We also purchase pig fat and render lard.
We just keep the virgin lard in separate containers from the leftover.


----------



## Harry Chickpea (Dec 19, 2008)

Saturated fats keep for a long time. The key is that you want them as clean as possible or to have any "bits" so cooked that there is no moisture. Lard (pig fat) is almost 100% saturated and keeps longest - I've used clean lard bricks a year old. Cow fat (tallow) or mixed cow and pig fat (tow) is not quite as good at keeping, but you can taste to check for rancidity before using. Chicken fat (schmaltz) keeps fine refrigerated, but has a brief life at room temps.

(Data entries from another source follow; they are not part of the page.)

(* $(I(\mathbb N),\tau_{pp})$ is a Polish topological inverse semigroup, and $d=\rho+\rho^\ast$ is a complete metric compatible with $\tau_{pp}$.
   Context: $I(\mathbb N)$ is the set of all bijections $f:A\to B$ with $A,B\subseteq\mathbb N$ (including the empty map), $\mathrm{dom}(f)=A$, $\mathrm{im}(f)=B$, under composition ($\mathrm{dom}(f\circ g)=g^{-1}(\mathrm{dom}(f)\cap\mathrm{im}(g))$) and inversion $f\mapsto f^{-1}$. For $x,y$: $v(x,y)=\{f: x\in\mathrm{dom}(f), f(x)=y\}$, $w_1(x)=\{f: x\notin\mathrm{dom}(f)\}$, $w_2(y)=\{f: y\notin\mathrm{im}(f)\}$; $\tau_{pp}$ is the topology generated by all these sets. For $f,g\in I(\mathbb N)$ and $n\in\mathbb N$ let $a_{(f,g)}(n)=0$ if $n\in\mathrm{dom}(f)\cap\mathrm{dom}(g)$ or $n\notin\mathrm{dom}(f)\cup\mathrm{dom}(g)$, and $1$ otherwise; $b_{(f,g)}(n)=\min\{1,|f(n)-g(n)|\}$ if $n\in\mathrm{dom}(f)\cap\mathrm{dom}(g)$ and $0$ otherwise. $\rho(f,g)=\sum_{n\in\mathbb N}\frac{a_{(f,g)}(n)+b_{(f,g)}(n)}{2^n}$, $\rho^\ast(f,g)=\rho(f^{-1},g^{-1})$. A topological inverse semigroup has continuous multiplication and inversion. *)

theory Defs
  imports "HOL-Analysis.Analysis"
begin

text \<open>Partial bijections of nat, represented as partial maps f :: nat \<rightharpoonup> nat
  that are injective on their domain.  dom(f) = dom f, im(f) = ran f.\<close>

definition IN :: "(nat \<rightharpoonup> nat) set" where
  "IN = {f. inj_on f (dom f)}"

text \<open>Composition f \<circ> g (first g, then f): the library's map composition \<open>f \<circ>\<^sub>m g\<close>,
  whose domain is g^{-1}(dom f \<inter> im g).\<close>

definition pcomp :: "(nat \<rightharpoonup> nat) \<Rightarrow> (nat \<rightharpoonup> nat) \<Rightarrow> (nat \<rightharpoonup> nat)" where
  "pcomp f g = f \<circ>\<^sub>m g"

definition pinv :: "(nat \<rightharpoonup> nat) \<Rightarrow> (nat \<rightharpoonup> nat)" where
  "pinv f = (\<lambda>y. if y \<in> ran f then Some (THE x. f x = Some y) else None)"

definition v_set :: "nat \<Rightarrow> nat \<Rightarrow> (nat \<rightharpoonup> nat) set" where
  "v_set x y = {f \<in> IN. f x = Some y}"

definition w1_set :: "nat \<Rightarrow> (nat \<rightharpoonup> nat) set" where
  "w1_set x = {f \<in> IN. x \<notin> dom f}"

definition w2_set :: "nat \<Rightarrow> (nat \<rightharpoonup> nat) set" where
  "w2_set y = {f \<in> IN. y \<notin> ran f}"

definition tau_pp :: "(nat \<rightharpoonup> nat) topology" where
  "tau_pp = subtopology
     (topology_generated_by
        ((\<lambda>(x,y). v_set x y) ` UNIV \<union> range w1_set \<union> range w2_set)) IN"

definition a_fun :: "(nat \<rightharpoonup> nat) \<Rightarrow> (nat \<rightharpoonup> nat) \<Rightarrow> nat \<Rightarrow> real" where
  "a_fun f g n = (if (n \<in> dom f \<inter> dom g) \<or> (n \<notin> dom f \<union> dom g) then 0 else 1)"

definition b_fun :: "(nat \<rightharpoonup> nat) \<Rightarrow> (nat \<rightharpoonup> nat) \<Rightarrow> nat \<Rightarrow> real" where
  "b_fun f g n = (if n \<in> dom f \<inter> dom g
      then min 1 \<bar>real (the (f n)) - real (the (g n))\<bar> else 0)"

definition rho :: "(nat \<rightharpoonup> nat) \<Rightarrow> (nat \<rightharpoonup> nat) \<Rightarrow> real" where
  "rho f g = (\<Sum>n. (a_fun f g n + b_fun f g n) / 2 ^ n)"

definition rho_star :: "(nat \<rightharpoonup> nat) \<Rightarrow> (nat \<rightharpoonup> nat) \<Rightarrow> real" where
  "rho_star f g = rho (pinv f) (pinv g)"

definition dpp :: "(nat \<rightharpoonup> nat) \<Rightarrow> (nat \<rightharpoonup> nat) \<Rightarrow> real" where
  "dpp f g = rho f g + rho_star f g"

definition Polish_top :: "'a topology \<Rightarrow> bool" where
  "Polish_top X \<longleftrightarrow> separable_space X \<and> completely_metrizable_space X"

definition topological_inverse_semigroup ::
  "'a topology \<Rightarrow> ('a \<Rightarrow> 'a \<Rightarrow> 'a) \<Rightarrow> ('a \<Rightarrow> 'a) \<Rightarrow> bool" where
  "topological_inverse_semigroup X mul iv \<longleftrightarrow>
     (\<forall>x\<in>topspace X. \<forall>y\<in>topspace X. \<forall>z\<in>topspace X.
        mul (mul x y) z = mul x (mul y z)) \<and>
     (\<forall>x\<in>topspace X. mul (mul x (iv x)) x = x \<and> mul (mul (iv x) x) (iv x) = iv x) \<and>
     (\<forall>x\<in>topspace X. \<forall>y\<in>topspace X.
        mul (mul x (iv x)) (mul y (iv y)) = mul (mul y (iv y)) (mul x (iv x))) \<and>
     continuous_map (prod_topology X X) X (\<lambda>(x,y). mul x y) \<and>
     continuous_map X X iv"

end

theory Submission
  imports Defs
begin

text \<open>
  Both \<open>tau_pp\<close> and the metric \<open>d = rho + rho*\<close> have the same neighbourhood base at \<open>f\<close>:
  the partial bijections \<open>g\<close> such that \<open>g\<close> agrees with \<open>f\<close> and \<open>g\<^sup>-\<^sup>1\<close> agrees with
  \<open>f\<^sup>-\<^sup>1\<close> on \<open>{0..N}\<close>.  For \<open>tau_pp\<close> these sets are finite intersections of subbasic sets,
  and each subbasic set contains one around each of its points.  For \<open>d\<close> this holds because
  \<open>rho\<close> is the weighted Hamming distance \<open>\<Sum>n. [f n \<noteq> g n] / 2\<^sup>n\<close>, so \<open>rho f g < 2\<^sup>-\<^sup>N\<close>
  forces agreement on \<open>{0..N}\<close> and agreement on \<open>{0..N}\<close> gives \<open>rho f g \<le> 2\<^sup>-\<^sup>N\<close>.

  Continuity is then finite bookkeeping: on \<open>{0..N}\<close>, \<open>f g\<close> and \<open>(f g)\<^sup>-\<^sup>1 = g\<^sup>-\<^sup>1 f\<^sup>-\<^sup>1\<close>
  only depend on \<open>f, g, f\<^sup>-\<^sup>1, g\<^sup>-\<^sup>1\<close> on a larger initial segment.  A \<open>d\<close>-Cauchy sequence
  and its sequence of inverses are eventually constant at every point; the pointwise limit is a
  partial bijection whose inverse is the pointwise limit of the inverses.  The finitely supported
  partial bijections form a countable dense set.
\<close>

section \<open>Partial bijections\<close>

lemma IN_iff: "f \<in> IN \<longleftrightarrow> (\<forall>x x' y. f x = Some y \<longrightarrow> f x' = Some y \<longrightarrow> x = x')"
  unfolding IN_def inj_on_def dom_def by auto

lemma map_eq_SomeI: "(\<And>x y. p x = Some y \<longleftrightarrow> q x = Some y) \<Longrightarrow> p = q"
  by (rule ext) (metis not_None_eq)

lemma pinv_eq_Some_iff:
  assumes "f \<in> IN" shows "pinv f y = Some x \<longleftrightarrow> f x = Some y"
proof -
  have "(THE x. f x = Some y) = x" if "f x = Some y" for x
    using assms that by (auto simp: IN_iff)
  then show ?thesis
    by (auto simp: pinv_def ran_def)
qed

lemma pinv_eq_None_iff: "pinv f y = None \<longleftrightarrow> y \<notin> ran f"
  by (simp add: pinv_def)

lemma pinv_cong: "(\<And>x. f x = Some y \<longleftrightarrow> g x = Some y) \<Longrightarrow> pinv f y = pinv g y"
  by (simp add: pinv_def ran_def)

lemma pinv_in_IN: "f \<in> IN \<Longrightarrow> pinv f \<in> IN"
  by (auto simp: IN_iff pinv_eq_Some_iff)

lemma pinv_pinv: "f \<in> IN \<Longrightarrow> pinv (pinv f) = f"
  by (rule map_eq_SomeI) (simp add: pinv_eq_Some_iff pinv_in_IN)

lemma pcomp_eq_Some_iff: "pcomp f g x = Some y \<longleftrightarrow> (\<exists>z. g x = Some z \<and> f z = Some y)"
  by (simp add: pcomp_def map_comp_Some_iff)

lemma pcomp_in_IN: "f \<in> IN \<Longrightarrow> g \<in> IN \<Longrightarrow> pcomp f g \<in> IN"
  unfolding IN_iff pcomp_eq_Some_iff by metis

lemma pinv_pcomp: "f \<in> IN \<Longrightarrow> g \<in> IN \<Longrightarrow> pinv (pcomp f g) = pcomp (pinv g) (pinv f)"
  by (rule map_eq_SomeI) (auto simp: pinv_eq_Some_iff pcomp_eq_Some_iff pcomp_in_IN pinv_in_IN)

lemma pcomp_assoc: "pcomp (pcomp f g) h = pcomp f (pcomp g h)"
  by (rule map_eq_SomeI) (auto simp: pcomp_eq_Some_iff)

lemma pcomp_pinv_right: "f \<in> IN \<Longrightarrow> pcomp f (pinv f) = (\<lambda>y. if y \<in> ran f then Some y else None)"
  by (rule map_eq_SomeI) (auto simp: pinv_eq_Some_iff pcomp_eq_Some_iff ran_def)

lemma pcomp_pinv_cancel: "f \<in> IN \<Longrightarrow> pcomp (pcomp f (pinv f)) f = f"
  by (rule map_eq_SomeI) (auto simp: pinv_eq_Some_iff pcomp_eq_Some_iff)

section \<open>The weighted Hamming metric\<close>

definition weighted_hamming :: "(nat \<Rightarrow> 'a) \<Rightarrow> (nat \<Rightarrow> 'a) \<Rightarrow> real" where
  "weighted_hamming f g = (\<Sum>n. of_bool (f n \<noteq> g n) / 2 ^ n)"

lemma summable_weighted_hamming: "summable (\<lambda>n. of_bool (f n \<noteq> g n) / 2 ^ n :: real)"
  by (rule summable_comparison_test'[OF summable_geometric[of "1/2"]])
     (auto simp: power_one_over)

lemma rho_eq_weighted_hamming: "rho f g = weighted_hamming f g"
proof -
  have "a_fun f g n + b_fun f g n = of_bool (f n \<noteq> g n)" for n
  proof (cases "n \<in> dom f \<inter> dom g")
    case True
    then obtain a b where "f n = Some a" "g n = Some b" by auto
    moreover have "a \<noteq> b \<Longrightarrow> 1 \<le> \<bar>real a - real b\<bar>" by linarith
    ultimately show ?thesis by (auto simp: a_fun_def b_fun_def min_def)
  qed (auto simp: a_fun_def b_fun_def)
  then show ?thesis by (simp add: rho_def weighted_hamming_def)
qed

interpretation weighted_hamming: Metric_space "UNIV :: (nat \<Rightarrow> 'a) set" weighted_hamming
proof
  fix f g h :: "nat \<Rightarrow> 'a"
  show "0 \<le> weighted_hamming f g"
    unfolding weighted_hamming_def by (simp add: suminf_nonneg summable_weighted_hamming)
  show "weighted_hamming f g = weighted_hamming g f"
    unfolding weighted_hamming_def by (simp add: eq_commute)
  show "weighted_hamming f g = 0 \<longleftrightarrow> f = g"
    unfolding weighted_hamming_def
    by (subst suminf_eq_zero_iff[OF summable_weighted_hamming]) (auto simp: fun_eq_iff)
  have "weighted_hamming f h \<le> (\<Sum>n. of_bool (f n \<noteq> g n) / 2 ^ n + of_bool (g n \<noteq> h n) / 2 ^ n)"
    unfolding weighted_hamming_def
    by (intro suminf_le summable_add summable_weighted_hamming) (auto simp: divide_simps)
  also have "\<dots> = weighted_hamming f g + weighted_hamming g h"
    unfolding weighted_hamming_def by (intro suminf_add[symmetric] summable_weighted_hamming)
  finally show "weighted_hamming f h \<le> weighted_hamming f g + weighted_hamming g h" .
qed

lemma weighted_hamming_less_imp_eq:
  assumes "weighted_hamming f g < 1 / 2 ^ N" and "n \<le> N"
  shows "f n = g n"
proof (rule ccontr)
  assume "f n \<noteq> g n"
  then have "1 / 2 ^ n \<le> weighted_hamming f g"
    unfolding weighted_hamming_def
    using sum_le_suminf[OF summable_weighted_hamming, of "{n}" f g] by simp
  moreover have "(1::real) / 2 ^ N \<le> 1 / 2 ^ n"
    using \<open>n \<le> N\<close> by (simp add: divide_simps power_increasing)
  ultimately show False using assms(1) by simp
qed

lemma weighted_hamming_le_if_eq_atMost:
  assumes "\<And>n. n \<le> N \<Longrightarrow> f n = g n"
  shows "weighted_hamming f g \<le> 1 / 2 ^ N"
proof -
  let ?u = "\<lambda>n. of_bool (f n \<noteq> g n) / 2 ^ n :: real"
  have tail: "(\<lambda>n. (1/2) ^ (n + Suc N)) sums ((1/2) ^ N :: real)"
    using sums_mult2[OF geometric_sums[of "1/2::real"], of "(1/2) ^ Suc N"]
    by (simp add: power_add)
  have "weighted_hamming f g = (\<Sum>n. ?u (n + Suc N))"
    unfolding weighted_hamming_def
    using suminf_split_initial_segment[OF summable_weighted_hamming, of f g "Suc N"] assms by simp
  also have "\<dots> \<le> (\<Sum>n. (1/2) ^ (n + Suc N))"
    by (intro suminf_le summable_ignore_initial_segment summable_weighted_hamming
        sums_summable[OF tail]) (simp add: power_one_over)
  also have "\<dots> = 1 / 2 ^ N"
    using sums_unique[OF tail] by (simp add: power_one_over)
  finally show ?thesis .
qed

lemma dpp_eq: "dpp f g = weighted_hamming f g + weighted_hamming (pinv f) (pinv g)"
  by (simp add: dpp_def rho_star_def rho_eq_weighted_hamming)

lemma Metric_space_dpp: "Metric_space IN dpp"
proof
  fix f g h :: "nat \<rightharpoonup> nat"
  show "0 \<le> dpp f g" by (simp add: dpp_eq)
  show "dpp f g = dpp g f" by (simp add: dpp_eq weighted_hamming.commute)
  have "dpp f g = 0 \<longleftrightarrow> weighted_hamming f g = 0 \<and> weighted_hamming (pinv f) (pinv g) = 0"
    unfolding dpp_eq by (intro add_nonneg_eq_0_iff weighted_hamming.nonneg)
  then show "dpp f g = 0 \<longleftrightarrow> f = g" by auto
  show "dpp f h \<le> dpp f g + dpp g h"
    using weighted_hamming.triangle[of f g h] weighted_hamming.triangle[of "pinv f" "pinv g" "pinv h"]
    by (simp add: dpp_eq)
qed

interpretation dpp: Metric_space IN dpp
  by (rule Metric_space_dpp)

section \<open>Basic neighbourhoods\<close>

definition agree_nbhd :: "nat \<Rightarrow> (nat \<rightharpoonup> nat) \<Rightarrow> (nat \<rightharpoonup> nat) set" where
  "agree_nbhd N f = {g \<in> IN. \<forall>n\<le>N. g n = f n \<and> pinv g n = pinv f n}"

lemma agree_nbhd_subset_IN: "agree_nbhd N f \<subseteq> IN"
  by (auto simp: agree_nbhd_def)

lemma self_in_agree_nbhd: "f \<in> IN \<Longrightarrow> f \<in> agree_nbhd N f"
  by (simp add: agree_nbhd_def)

Be aware that vegetable oils also have shelf lives. Peanut oil lasts a long time. Corn oil much shorter. I won't allow Canola oil (rape) in the house, and if you knew what I did, you wouldn't either. Olive oil varies, but is usually fairly long lasting.


----------



## scooter (Mar 31, 2008)

Harry Chickpea said:


> Saturated fats keep for a long time. The key is that you want them as clean as possible or to have any "bits" so cooked that there is no moisture. Lard (pig fat) is almost 100% saturated and keeps longest - I've used clean lard bricks a year old. Cow fat (tallow) or mixed cow and pig fat (tow) is not quite as good at keeping, but you can taste to check for rancidity before using. Chicken fat (schmaltz) keeps fine refrigerated, but has a brief life at room temps.
> 
> Be aware that vegetable oils also have shelf lives. Peanut oil lasts a long time. Corn oil much shorter. I won't allow Canola oil (rape) in the house, and if you knew what I did, you wouldn't either. Olive oil varies, but is usually fairly long lasting.


Please tell me about canola oil.


----------



## unregistered29228 (Jan 9, 2008)

Be sure to strain the grease drippings unless you'll be using it soon. We store bacon grease in the fridge for months, maybe up to a year, without any problems. But we strain out all the yummy bits first.


----------



## 7thswan (Nov 18, 2008)

I was also woundering about Oils, until recently I've never used anything other than butter,crisco,peanut oil. Used packaged Lard abit back for pie crust, I was very happy with it.


----------



## TheMartianChick (May 26, 2009)

scooter said:


> Please tell me about canola oil.


Me too!


----------



## Harry Chickpea (Dec 19, 2008)

Long story short on Canola oil. Summary:
Bioengineered from rapeseed oil, which is *toxic* to many people because of one component, erucic acid. That component made rapeseed a desired type of specific lubricant. That was supposedly removed in Canola, but I'd be willing to bet money the early varieties being sold only had reduced levels or had some mixed stock of seeds.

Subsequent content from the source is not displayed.